Records from a data source:
[Start of section]

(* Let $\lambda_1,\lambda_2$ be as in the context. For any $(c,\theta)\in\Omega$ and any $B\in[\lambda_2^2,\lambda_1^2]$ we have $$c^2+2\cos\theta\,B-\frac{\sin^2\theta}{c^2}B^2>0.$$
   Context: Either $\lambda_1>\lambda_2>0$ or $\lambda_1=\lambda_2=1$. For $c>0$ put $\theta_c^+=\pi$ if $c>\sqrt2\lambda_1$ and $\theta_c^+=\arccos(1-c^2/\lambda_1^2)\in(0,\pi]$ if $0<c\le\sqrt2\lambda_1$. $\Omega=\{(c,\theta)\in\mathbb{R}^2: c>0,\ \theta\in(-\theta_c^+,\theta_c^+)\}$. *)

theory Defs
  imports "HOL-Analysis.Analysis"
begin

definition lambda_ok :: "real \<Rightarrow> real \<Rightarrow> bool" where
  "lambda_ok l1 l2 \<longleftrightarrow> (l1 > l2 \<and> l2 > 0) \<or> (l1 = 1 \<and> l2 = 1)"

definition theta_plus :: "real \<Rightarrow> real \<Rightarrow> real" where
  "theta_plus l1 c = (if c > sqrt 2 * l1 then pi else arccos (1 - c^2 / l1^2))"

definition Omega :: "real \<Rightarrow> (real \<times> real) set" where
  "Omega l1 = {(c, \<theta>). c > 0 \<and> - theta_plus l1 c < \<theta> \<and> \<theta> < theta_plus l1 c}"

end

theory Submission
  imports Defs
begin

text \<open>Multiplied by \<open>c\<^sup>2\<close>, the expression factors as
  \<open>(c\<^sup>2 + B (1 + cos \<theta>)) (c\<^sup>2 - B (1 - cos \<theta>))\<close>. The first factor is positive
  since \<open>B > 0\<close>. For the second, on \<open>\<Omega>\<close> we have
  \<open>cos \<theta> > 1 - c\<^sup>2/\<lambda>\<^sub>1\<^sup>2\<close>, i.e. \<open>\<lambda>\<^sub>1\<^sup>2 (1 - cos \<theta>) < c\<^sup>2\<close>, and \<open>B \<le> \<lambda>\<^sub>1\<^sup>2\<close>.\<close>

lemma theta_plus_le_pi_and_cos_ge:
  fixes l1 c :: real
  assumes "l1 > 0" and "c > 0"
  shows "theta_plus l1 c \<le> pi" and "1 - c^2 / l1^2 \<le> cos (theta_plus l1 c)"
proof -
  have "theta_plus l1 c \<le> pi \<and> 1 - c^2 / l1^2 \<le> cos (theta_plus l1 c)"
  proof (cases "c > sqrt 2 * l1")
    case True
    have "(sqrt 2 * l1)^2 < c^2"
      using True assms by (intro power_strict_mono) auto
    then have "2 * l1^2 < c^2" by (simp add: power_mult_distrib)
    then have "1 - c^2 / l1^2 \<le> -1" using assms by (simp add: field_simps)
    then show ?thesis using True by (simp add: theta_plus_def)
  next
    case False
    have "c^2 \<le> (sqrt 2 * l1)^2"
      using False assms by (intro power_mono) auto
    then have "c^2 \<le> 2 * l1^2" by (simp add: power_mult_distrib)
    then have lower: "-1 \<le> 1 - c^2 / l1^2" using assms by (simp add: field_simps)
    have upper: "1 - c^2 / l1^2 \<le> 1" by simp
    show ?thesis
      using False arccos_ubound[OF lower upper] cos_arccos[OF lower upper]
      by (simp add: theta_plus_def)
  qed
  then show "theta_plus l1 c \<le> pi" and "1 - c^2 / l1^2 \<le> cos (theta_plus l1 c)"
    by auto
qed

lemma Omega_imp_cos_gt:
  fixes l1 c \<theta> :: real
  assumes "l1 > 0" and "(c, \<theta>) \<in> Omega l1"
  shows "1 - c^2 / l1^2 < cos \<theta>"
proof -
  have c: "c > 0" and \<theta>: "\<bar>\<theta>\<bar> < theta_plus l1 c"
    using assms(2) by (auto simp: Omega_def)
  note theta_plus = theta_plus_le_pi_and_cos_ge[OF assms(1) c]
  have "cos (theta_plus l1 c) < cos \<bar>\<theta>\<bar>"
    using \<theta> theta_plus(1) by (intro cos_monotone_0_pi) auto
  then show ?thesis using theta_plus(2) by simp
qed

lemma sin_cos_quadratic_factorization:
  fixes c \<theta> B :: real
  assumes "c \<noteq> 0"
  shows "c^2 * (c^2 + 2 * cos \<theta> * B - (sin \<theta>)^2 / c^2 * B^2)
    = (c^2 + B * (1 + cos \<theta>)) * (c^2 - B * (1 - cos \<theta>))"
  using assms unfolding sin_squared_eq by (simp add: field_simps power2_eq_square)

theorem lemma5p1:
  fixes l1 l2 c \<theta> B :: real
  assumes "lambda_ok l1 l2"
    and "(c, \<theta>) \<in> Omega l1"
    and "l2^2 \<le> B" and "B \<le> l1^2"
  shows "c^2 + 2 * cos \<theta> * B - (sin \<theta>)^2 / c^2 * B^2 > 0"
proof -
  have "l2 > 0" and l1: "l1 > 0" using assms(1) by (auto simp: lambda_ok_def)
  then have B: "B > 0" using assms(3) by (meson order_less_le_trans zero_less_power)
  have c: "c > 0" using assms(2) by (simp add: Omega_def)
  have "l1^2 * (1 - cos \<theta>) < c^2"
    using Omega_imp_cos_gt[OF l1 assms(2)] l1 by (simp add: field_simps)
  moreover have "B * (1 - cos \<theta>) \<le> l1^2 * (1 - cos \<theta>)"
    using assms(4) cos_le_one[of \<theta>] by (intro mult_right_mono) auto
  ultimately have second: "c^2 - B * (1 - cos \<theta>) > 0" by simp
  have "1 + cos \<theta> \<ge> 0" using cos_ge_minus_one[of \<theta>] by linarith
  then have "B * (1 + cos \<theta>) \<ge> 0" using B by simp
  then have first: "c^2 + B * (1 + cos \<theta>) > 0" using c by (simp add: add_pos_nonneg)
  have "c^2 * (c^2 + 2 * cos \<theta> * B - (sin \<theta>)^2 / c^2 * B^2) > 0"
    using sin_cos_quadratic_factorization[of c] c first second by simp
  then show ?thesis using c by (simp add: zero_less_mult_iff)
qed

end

[End of section]
[Start of section]

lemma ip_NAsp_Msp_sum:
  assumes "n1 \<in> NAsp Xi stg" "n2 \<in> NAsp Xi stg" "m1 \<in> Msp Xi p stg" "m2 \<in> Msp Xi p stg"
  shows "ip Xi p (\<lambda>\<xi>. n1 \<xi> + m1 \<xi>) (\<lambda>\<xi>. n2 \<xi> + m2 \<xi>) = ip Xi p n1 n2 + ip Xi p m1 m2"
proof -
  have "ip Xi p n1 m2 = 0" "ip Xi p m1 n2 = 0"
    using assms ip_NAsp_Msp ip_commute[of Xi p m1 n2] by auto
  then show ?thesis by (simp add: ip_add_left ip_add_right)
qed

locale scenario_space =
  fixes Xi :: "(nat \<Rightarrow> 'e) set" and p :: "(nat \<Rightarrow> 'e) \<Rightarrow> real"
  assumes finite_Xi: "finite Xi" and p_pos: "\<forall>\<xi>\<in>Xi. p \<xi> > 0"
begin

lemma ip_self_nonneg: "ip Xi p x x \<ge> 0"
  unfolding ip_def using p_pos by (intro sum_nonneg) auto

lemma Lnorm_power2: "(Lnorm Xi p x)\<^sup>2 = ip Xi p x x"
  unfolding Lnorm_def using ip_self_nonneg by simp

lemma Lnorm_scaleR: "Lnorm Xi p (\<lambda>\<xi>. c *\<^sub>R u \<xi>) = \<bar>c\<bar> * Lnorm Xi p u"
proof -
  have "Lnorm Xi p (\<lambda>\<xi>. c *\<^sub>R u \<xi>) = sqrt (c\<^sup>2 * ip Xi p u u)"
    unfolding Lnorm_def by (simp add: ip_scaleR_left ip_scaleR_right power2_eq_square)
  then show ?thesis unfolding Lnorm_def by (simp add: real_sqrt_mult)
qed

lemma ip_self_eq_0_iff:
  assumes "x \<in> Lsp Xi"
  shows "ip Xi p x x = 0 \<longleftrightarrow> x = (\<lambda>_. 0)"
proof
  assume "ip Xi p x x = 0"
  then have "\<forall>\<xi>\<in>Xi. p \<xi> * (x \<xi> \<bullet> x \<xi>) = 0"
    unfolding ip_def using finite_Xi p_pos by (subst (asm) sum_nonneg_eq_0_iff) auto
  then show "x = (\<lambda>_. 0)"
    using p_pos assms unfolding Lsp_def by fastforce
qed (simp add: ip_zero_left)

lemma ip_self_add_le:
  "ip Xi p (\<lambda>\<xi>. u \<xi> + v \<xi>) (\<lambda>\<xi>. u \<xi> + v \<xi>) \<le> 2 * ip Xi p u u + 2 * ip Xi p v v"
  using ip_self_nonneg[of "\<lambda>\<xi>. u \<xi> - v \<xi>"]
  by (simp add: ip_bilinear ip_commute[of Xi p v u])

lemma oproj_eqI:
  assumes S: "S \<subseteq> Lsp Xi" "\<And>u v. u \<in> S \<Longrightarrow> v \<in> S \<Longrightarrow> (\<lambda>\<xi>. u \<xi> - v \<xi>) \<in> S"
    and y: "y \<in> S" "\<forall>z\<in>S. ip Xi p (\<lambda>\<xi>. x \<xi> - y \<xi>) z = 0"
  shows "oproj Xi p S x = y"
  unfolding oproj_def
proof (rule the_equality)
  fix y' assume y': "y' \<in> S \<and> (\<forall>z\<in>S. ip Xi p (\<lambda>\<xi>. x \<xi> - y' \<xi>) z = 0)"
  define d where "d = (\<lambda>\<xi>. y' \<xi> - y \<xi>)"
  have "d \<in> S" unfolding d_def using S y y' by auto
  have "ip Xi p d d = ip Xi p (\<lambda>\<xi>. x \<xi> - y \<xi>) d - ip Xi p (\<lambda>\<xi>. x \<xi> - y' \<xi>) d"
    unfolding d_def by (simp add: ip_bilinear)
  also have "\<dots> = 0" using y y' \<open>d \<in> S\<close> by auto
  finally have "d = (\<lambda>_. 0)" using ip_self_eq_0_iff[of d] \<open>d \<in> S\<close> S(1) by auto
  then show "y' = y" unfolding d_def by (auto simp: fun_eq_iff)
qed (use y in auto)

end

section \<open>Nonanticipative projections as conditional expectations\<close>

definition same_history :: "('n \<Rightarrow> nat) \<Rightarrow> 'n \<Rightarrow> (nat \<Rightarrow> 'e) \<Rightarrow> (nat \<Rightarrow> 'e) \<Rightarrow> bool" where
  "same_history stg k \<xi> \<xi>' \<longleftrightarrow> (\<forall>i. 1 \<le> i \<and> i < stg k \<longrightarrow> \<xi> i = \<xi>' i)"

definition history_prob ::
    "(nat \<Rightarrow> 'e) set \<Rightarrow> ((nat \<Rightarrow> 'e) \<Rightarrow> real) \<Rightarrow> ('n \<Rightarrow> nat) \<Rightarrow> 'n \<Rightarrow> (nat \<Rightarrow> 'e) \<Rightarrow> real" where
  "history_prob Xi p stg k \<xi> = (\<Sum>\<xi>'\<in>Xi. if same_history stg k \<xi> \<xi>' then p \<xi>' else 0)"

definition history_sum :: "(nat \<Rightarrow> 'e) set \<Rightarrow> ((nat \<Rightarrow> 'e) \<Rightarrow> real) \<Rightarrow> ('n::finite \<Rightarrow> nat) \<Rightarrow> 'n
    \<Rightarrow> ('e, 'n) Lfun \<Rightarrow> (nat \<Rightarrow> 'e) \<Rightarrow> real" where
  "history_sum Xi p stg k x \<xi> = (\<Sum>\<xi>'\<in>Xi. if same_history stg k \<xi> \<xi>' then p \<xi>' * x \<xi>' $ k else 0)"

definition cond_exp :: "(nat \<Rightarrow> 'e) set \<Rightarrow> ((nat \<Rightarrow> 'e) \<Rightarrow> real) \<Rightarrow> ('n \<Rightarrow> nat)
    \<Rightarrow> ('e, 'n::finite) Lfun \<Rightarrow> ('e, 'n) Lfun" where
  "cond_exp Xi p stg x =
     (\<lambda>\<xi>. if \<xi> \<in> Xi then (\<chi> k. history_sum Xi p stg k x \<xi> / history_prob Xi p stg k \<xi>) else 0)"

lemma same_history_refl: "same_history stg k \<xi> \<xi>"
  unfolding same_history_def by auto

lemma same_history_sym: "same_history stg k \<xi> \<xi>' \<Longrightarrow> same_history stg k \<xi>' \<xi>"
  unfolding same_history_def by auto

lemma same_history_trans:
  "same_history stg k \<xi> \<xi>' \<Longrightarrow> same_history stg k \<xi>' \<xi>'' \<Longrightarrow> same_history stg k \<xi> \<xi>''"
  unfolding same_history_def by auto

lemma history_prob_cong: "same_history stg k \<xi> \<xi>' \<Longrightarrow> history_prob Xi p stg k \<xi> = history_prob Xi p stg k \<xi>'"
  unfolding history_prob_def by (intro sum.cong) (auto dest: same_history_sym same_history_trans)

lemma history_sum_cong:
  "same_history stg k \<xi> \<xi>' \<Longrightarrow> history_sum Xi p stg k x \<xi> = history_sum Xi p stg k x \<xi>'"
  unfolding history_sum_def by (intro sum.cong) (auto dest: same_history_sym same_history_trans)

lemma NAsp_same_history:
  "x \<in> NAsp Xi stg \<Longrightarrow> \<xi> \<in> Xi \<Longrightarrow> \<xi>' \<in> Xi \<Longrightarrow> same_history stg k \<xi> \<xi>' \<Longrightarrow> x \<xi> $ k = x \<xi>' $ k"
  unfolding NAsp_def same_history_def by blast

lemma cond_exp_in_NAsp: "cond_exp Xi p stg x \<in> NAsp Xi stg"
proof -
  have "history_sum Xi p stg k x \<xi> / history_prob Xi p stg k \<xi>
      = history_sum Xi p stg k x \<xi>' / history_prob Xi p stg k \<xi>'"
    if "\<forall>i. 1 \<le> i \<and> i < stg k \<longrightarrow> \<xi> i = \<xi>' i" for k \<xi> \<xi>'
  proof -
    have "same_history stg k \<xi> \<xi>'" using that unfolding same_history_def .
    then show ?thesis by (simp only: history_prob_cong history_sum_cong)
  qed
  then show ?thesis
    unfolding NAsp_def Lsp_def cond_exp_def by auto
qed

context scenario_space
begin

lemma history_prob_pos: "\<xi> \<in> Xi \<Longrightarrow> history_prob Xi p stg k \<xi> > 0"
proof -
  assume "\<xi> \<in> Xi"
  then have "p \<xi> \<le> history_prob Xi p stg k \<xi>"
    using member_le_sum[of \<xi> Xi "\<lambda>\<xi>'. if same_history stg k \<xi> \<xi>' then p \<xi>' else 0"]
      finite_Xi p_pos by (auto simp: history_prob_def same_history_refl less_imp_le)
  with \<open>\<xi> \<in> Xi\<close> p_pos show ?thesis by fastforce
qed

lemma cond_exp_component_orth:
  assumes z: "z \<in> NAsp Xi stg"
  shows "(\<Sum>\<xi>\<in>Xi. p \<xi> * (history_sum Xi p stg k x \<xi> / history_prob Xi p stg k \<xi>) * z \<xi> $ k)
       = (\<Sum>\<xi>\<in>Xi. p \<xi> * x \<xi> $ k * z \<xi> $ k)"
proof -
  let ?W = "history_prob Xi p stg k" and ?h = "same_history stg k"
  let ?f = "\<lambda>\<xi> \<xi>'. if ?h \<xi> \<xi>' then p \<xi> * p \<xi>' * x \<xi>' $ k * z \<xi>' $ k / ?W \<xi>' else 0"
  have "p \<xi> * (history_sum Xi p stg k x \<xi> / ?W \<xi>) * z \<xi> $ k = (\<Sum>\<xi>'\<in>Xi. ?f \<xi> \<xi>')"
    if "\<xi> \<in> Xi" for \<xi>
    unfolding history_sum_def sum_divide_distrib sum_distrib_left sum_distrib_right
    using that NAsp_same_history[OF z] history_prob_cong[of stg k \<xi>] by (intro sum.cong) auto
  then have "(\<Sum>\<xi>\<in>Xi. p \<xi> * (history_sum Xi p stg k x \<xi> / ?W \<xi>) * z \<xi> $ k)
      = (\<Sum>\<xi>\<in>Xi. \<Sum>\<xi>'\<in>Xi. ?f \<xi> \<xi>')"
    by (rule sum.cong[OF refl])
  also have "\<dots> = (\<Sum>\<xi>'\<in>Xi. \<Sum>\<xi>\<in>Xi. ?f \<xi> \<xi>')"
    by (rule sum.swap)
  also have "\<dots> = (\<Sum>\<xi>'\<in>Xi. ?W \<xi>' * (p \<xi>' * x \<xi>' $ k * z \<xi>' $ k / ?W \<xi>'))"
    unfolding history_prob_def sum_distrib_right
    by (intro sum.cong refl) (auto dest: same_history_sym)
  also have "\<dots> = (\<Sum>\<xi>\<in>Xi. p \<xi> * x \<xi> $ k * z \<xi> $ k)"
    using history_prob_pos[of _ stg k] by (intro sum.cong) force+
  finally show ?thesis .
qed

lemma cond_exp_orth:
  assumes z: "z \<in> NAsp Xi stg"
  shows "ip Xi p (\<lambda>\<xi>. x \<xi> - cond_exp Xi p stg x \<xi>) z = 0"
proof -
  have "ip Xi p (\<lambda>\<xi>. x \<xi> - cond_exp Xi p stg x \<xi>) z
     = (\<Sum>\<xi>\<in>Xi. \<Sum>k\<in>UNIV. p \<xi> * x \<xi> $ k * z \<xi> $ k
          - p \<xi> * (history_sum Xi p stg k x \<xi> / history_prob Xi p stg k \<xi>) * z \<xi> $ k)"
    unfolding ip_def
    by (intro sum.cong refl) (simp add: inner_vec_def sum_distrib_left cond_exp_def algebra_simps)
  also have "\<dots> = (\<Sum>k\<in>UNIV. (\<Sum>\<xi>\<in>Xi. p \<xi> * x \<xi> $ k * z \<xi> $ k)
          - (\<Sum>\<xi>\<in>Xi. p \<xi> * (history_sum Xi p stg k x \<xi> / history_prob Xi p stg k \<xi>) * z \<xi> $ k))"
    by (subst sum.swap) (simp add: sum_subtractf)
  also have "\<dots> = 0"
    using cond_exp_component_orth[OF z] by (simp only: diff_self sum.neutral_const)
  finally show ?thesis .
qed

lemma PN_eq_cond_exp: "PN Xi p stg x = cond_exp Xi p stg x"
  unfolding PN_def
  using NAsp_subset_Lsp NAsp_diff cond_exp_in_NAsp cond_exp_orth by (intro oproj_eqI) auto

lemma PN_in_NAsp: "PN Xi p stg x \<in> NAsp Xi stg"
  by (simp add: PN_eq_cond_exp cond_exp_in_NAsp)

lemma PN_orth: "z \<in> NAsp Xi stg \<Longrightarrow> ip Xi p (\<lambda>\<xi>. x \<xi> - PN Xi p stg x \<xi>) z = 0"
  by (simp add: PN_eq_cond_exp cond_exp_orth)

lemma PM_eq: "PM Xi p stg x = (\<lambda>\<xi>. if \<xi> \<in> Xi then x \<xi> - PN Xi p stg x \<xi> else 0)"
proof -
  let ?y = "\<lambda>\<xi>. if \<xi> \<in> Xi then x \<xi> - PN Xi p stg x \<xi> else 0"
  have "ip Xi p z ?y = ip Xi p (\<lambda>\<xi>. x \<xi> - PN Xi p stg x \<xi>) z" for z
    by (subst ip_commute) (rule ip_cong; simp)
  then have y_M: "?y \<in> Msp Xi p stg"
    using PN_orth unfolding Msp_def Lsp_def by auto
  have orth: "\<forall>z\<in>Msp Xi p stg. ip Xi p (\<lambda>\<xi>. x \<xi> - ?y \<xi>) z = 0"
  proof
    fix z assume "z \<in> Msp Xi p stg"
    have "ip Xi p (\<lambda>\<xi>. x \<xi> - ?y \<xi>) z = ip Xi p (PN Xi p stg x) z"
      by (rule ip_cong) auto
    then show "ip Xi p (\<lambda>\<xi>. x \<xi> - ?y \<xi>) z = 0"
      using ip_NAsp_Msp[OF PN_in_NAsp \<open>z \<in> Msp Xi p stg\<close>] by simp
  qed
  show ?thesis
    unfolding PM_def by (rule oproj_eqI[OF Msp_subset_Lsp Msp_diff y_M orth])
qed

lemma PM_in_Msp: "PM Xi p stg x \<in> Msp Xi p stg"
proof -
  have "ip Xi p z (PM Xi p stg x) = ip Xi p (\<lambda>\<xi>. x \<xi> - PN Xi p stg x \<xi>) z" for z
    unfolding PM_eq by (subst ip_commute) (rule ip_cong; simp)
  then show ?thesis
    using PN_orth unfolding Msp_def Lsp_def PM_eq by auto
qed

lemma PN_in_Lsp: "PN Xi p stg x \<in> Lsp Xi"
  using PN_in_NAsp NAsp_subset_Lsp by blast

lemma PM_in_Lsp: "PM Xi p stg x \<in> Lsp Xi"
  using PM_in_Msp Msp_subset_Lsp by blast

[End of section]

Copy each line above containing the string "lower".

# ANSWER BOX
    then have lower: "-1 \<le> 1 - c^2 / l1^2" using assms by (simp add: field_simps)
      using False arccos_ubound[OF lower upper] cos_arccos[OF lower upper]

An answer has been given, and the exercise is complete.